Boulos e Erika Hilton anunciaram que disputarão as eleições de 2026 pelo PSOL, eliminando a possibilidade de migração imediata para outro partido.

O anúncio ocorre em meio à crise interna do PSOL, que recentemente rejeitou a formação de federação com o PT, decisão respaldada pela Lei nº 13.165/2015 sobre federações partidárias.
O grupo Revolução Solidária, liderado pelos dois políticos, inclui outros nomes de destaque da esquerda.

Quem compõe o Movimento Revolução Solidária?
- Deputada federal Luciene Cavalcanti (PSOL)
- Deputado federal Henrique Vieira (PSOL)
- Pré‑candidata à Câmara Natalia Boulos
- Deputados estaduais Carlos Gianazzi (SP) e Ediane Maria (SP)
- Deputados estaduais Renata Souza (RJ), Yuri Moura (RJ), Dani Monteiro (RJ) e Bella Gonçalves (MG)
- Vereador Rick Azevedo (SP)
Em nota oficial, o grupo reconheceu "grave erro" da maioria do partido ao rejeitar a federação, mas reafirmou a importância do PSOL para a esquerda brasileira.
A decisão tem implicações jurídicas: a saída de figuras-chave poderia comprometer a cláusula de barreira, que exige 2 % dos votos válidos a nível nacional para manutenção da representação partidária.
Qual o risco de inviabilização institucional do PSOL?
- 27/03/2026 – Boulos e Hilton anunciam candidatura pelo PSOL.
- 24/03/2026 – Direção do PSOL rejeita federação com o PT.
- 22/03/2026 – Debate interno sobre migração para o PT.
- 28/03/2026 – Publicação da nota do Revolução Solidária.

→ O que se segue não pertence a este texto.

lemma uL_dG: "uL \<in> dG" using uL_sol dtn_problem.neumann_sol_def[OF dtn_problem_lim] by blast
lemma un_dG: "un n \<in> dG" using un_sol dtn_problem.neumann_sol_def[OF dtn_problem_seq] by blast
lemma uL_eq: "v \<in> dG \<Longrightarrow> inner (m uL) v + inner (a (G uL)) (G v) = inner (D q) v + inner q (G v)"
  using uL_sol dtn_problem.neumann_sol_def[OF dtn_problem_lim] by blast
lemma un_eq: "v \<in> dG \<Longrightarrow>
    inner (mm n (un n)) v + inner (aa n (G (un n))) (G v) = inner (D (qq n)) v + inner (qq n) (G v)"
  using un_sol dtn_problem.neumann_sol_def[OF dtn_problem_seq] by blast

lemma un_bounded: "\<exists>B. \<forall>n. norm (un n, G (un n)) \<le> B"
proof -
  obtain Bq where "\<forall>n. norm (qq n, D (qq n)) \<le> Bq"
    using convergent_imp_Bseq[OF convergentI[OF qq_lim]] by (auto simp: Bseq_def)
  moreover have "\<mu> * norm (un n, G (un n)) \<le> norm (qq n, D (qq n))" for n
    using dtn_problem.neumann_sol_bound[OF dtn_problem_seq un_sol, of n]
    by (simp add: norm_Pair add.commute)
  ultimately have "\<mu> * norm (un n, G (un n)) \<le> Bq" for n by (meson order_trans)
  hence "norm (un n, G (un n)) \<le> Bq / \<mu>" for n using mu_pos by (simp add: field_simps)
  thus ?thesis by blast
qed

definition y0 :: "'b" where "y0 = compress J1 RG a (G uL)"
definition xn :: "nat \<Rightarrow> 'b" where "xn n = compress_inv J1 RG (aa n) y0"

lemma G_in_RG: "x \<in> dG \<Longrightarrow> G x \<in> RG" by (simp add: RG_def)

lemma y0_RG: "y0 \<in> RG"
  unfolding y0_def dtn_problem.compress_eq_proj[OF dtn_problem_lim] by (rule RG.proj_in)

lemma inner_y0: "v \<in> dG \<Longrightarrow> inner (a (G uL)) (G v) = inner y0 (G v)"
  unfolding y0_def dtn_problem.compress_eq_proj[OF dtn_problem_lim]
  using RG.inner_proj_left[OF G_in_RG] by simp

lemma xn_RG: "xn n \<in> RG"
  unfolding xn_def by (rule dtn_problem.compress_inv_in[OF dtn_problem_seq y0_RG])

lemma xn_bounded: "\<mu> * norm (xn n) \<le> norm y0"
  unfolding xn_def by (rule dtn_problem.norm_compress_inv_le[OF dtn_problem_seq y0_RG])

lemma inner_aa_xn: "v \<in> dG \<Longrightarrow> inner (aa n (xn n)) (G v) = inner y0 (G v)"
  using dtn_problem.compress_compress_inv[OF dtn_problem_seq y0_RG, of n]
    dtn_problem.compress_eq_proj[OF dtn_problem_seq] RG.inner_proj_left[OF G_in_RG]
  by (metis xn_def)

lemma xn_weakly_tendsto: "(\<lambda>n. inner (xn n) z) \<longlonglongrightarrow> inner (G uL) z"
proof -
  have G_uL: "compress_inv J1 RG a y0 = G uL"
    unfolding y0_def by (rule dtn_problem.compress_inv_compress[OF dtn_problem_lim G_in_RG[OF uL_dG]])
  have "(\<lambda>n. inner (xn n) (proj RG z)) \<longlonglongrightarrow> inner (G uL) (proj RG z)"
    using tendsto_Re[OF a_wot[folded RG_def, rule_format, OF y0_RG RG.proj_in]]
    by (simp add: xn_def G_uL)
  moreover have "inner w z = inner w (proj RG z)" if "w \<in> RG" for w
    using RG.inner_proj_left[OF that, of z] by (simp add: inner_commute)
  ultimately show ?thesis using xn_RG G_in_RG[OF uL_dG] by simp
qed

definition wn :: "nat \<Rightarrow> 'a" where "wn n = (SOME w. w \<in> WG \<and> G w = xn n)"
definition up :: "'a" where "up = (SOME w. w \<in> WG \<and> G w = G uL \<and> uL - w \<in> kerG)"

O presidente nacional do PSOL, Guilherme Boulos, destacou que a permanência dos membros reforça a capacidade do partido de superar a cláusula de barreira nas eleições de outubro.
Representantes do PT manifestaram abertura para futuras negociações, mas ressaltaram que a federação só seria viável se houver consenso interno de ambas as legendas.
Como a decisão afeta a aliança de esquerda na disputa presidencial?
O apoio ao presidente Lula permanece central; o grupo declara que continuará a lutar pela reeleição do mandatário, alinhando estratégias de campanha em todo o país.
Especialistas em direito eleitoral apontam que, caso Boulos e Hilton deixem o PSOL após a eleição, o partido deverá observar o prazo de 12 meses previsto no Art. 13 da Lei dos Partidos para mudanças de filiação.
O calendário eleitoral estabelece que a lista de candidatos deve ser submetida ao TSE até 15 abril, permitindo que o PSOL registre os nomes de Boulos e Hilton como candidatos oficiais.
O que acontece agora?
O PSOL encaminha a documentação ao Tribunal Superior Eleitoral, que avaliará a elegibilidade dos candidatos e a conformidade com a legislação partidária.
Se a candidatura for confirmada, Boulos e Hilton permanecerão no partido até o término do mandato, sendo que qualquer mudança posterior dependerá da aprovação da Justiça Eleitoral.